lemma convex_translate: "convex S \<Longrightarrow> convex (translate t S)"
  unfolding translate_def using convex_translation[of S t] by (simp add: add.commute)

locale piece =
  fixes P :: "point set"
  assumes compact: "compact P" and convex: "convex P" and interior_nonempty: "interior P \<noteq> {}"
    and height_le_1: "height P \<le> 1"
begin

lemma nonempty: "P \<noteq> {}"
  using interior_nonempty interior_subset by blast

lemma bottom_point: "bottom_point P \<in> P" "snd (bottom_point P) = min_on snd P"
proof -
  obtain p where "p \<in> P" "snd p = min_on snd P" using min_on_attained[OF linear_snd compact nonempty] .
  then have "\<exists>p. p \<in> P \<and> snd p = min_on snd P" by blast
  from someI_ex[OF this] show "bottom_point P \<in> P" "snd (bottom_point P) = min_on snd P"
    unfolding bottom_point_def by auto
qed

lemma top_point: "top_point P \<in> P" "snd (top_point P) = max_on snd P"
proof -
  obtain p where "p \<in> P" "snd p = max_on snd P" using max_on_attained[OF linear_snd compact nonempty] .
  then have "\<exists>p. p \<in> P \<and> snd p = max_on snd P" by blast
  from someI_ex[OF this] show "top_point P \<in> P" "snd (top_point P) = max_on snd P"
    unfolding top_point_def by auto
qed

lemma height_pos: "0 < height P" and width_pos: "0 < width P"
proof -
  obtain q e where e: "0 < e" "ball q e \<subseteq> P"
    using interior_nonempty by (auto simp: mem_interior)
  have "q + (e/2, 0) \<in> ball q e" "q - (e/2, 0) \<in> ball q e" "q + (0, e/2) \<in> ball q e"
    "q - (0, e/2) \<in> ball q e"
    using e(1) by (simp_all add: dist_norm)
  then have "q + (e/2, 0) \<in> P" "q - (e/2, 0) \<in> P" "q + (0, e/2) \<in> P" "q - (0, e/2) \<in> P"
    using e(2) by blast+
  then have "fst q + e/2 \<le> max_on fst P" "min_on fst P \<le> fst q - e/2"
    "snd q + e/2 \<le> max_on snd P" "min_on snd P \<le> snd q - e/2"
    using le_max_on[OF linear_fst compact, of "q + (e/2, 0)"] min_on_le[OF linear_fst compact, of "q - (e/2, 0)"]
      le_max_on[OF linear_snd compact, of "q + (0, e/2)"] min_on_le[OF linear_snd compact, of "q - (0, e/2)"]
    by simp_all
  then show "0 < height P" "0 < width P" using e(1) unfolding extent_def by auto
qed

lemma abs_slope_height_le_width: "\<bar>slope P\<bar> * height P \<le> width P"
proof -
  have "min_on fst P \<le> fst (top_point P)" "fst (top_point P) \<le> max_on fst P"
    "min_on fst P \<le> fst (bottom_point P)" "fst (bottom_point P) \<le> max_on fst P"
    using le_max_on[OF linear_fst compact] min_on_le[OF linear_fst compact] top_point bottom_point
    by auto
  then have "\<bar>fst (top_point P) - fst (bottom_point P)\<bar> \<le> width P"
    unfolding extent_def by linarith
  then show ?thesis using height_pos by (simp add: slope_def abs_divide)
qed

lemma skew_width_le_width: "skew_width P \<le> 2 * width P"
  using extent_shear_le_width[OF compact nonempty, of "slope P"] abs_slope_height_le_width
  unfolding skew_width_def by linarith

end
+ + + +
-- AIM OF THE TASK --
From the records above, copy each line that contains the word "exists".

-- EXERCISE ANSWER --
  then have "\<exists>p. p \<in> P \<and> snd p = min_on snd P" by blast
  then have "\<exists>p. p \<in> P \<and> snd p = max_on snd P" by blast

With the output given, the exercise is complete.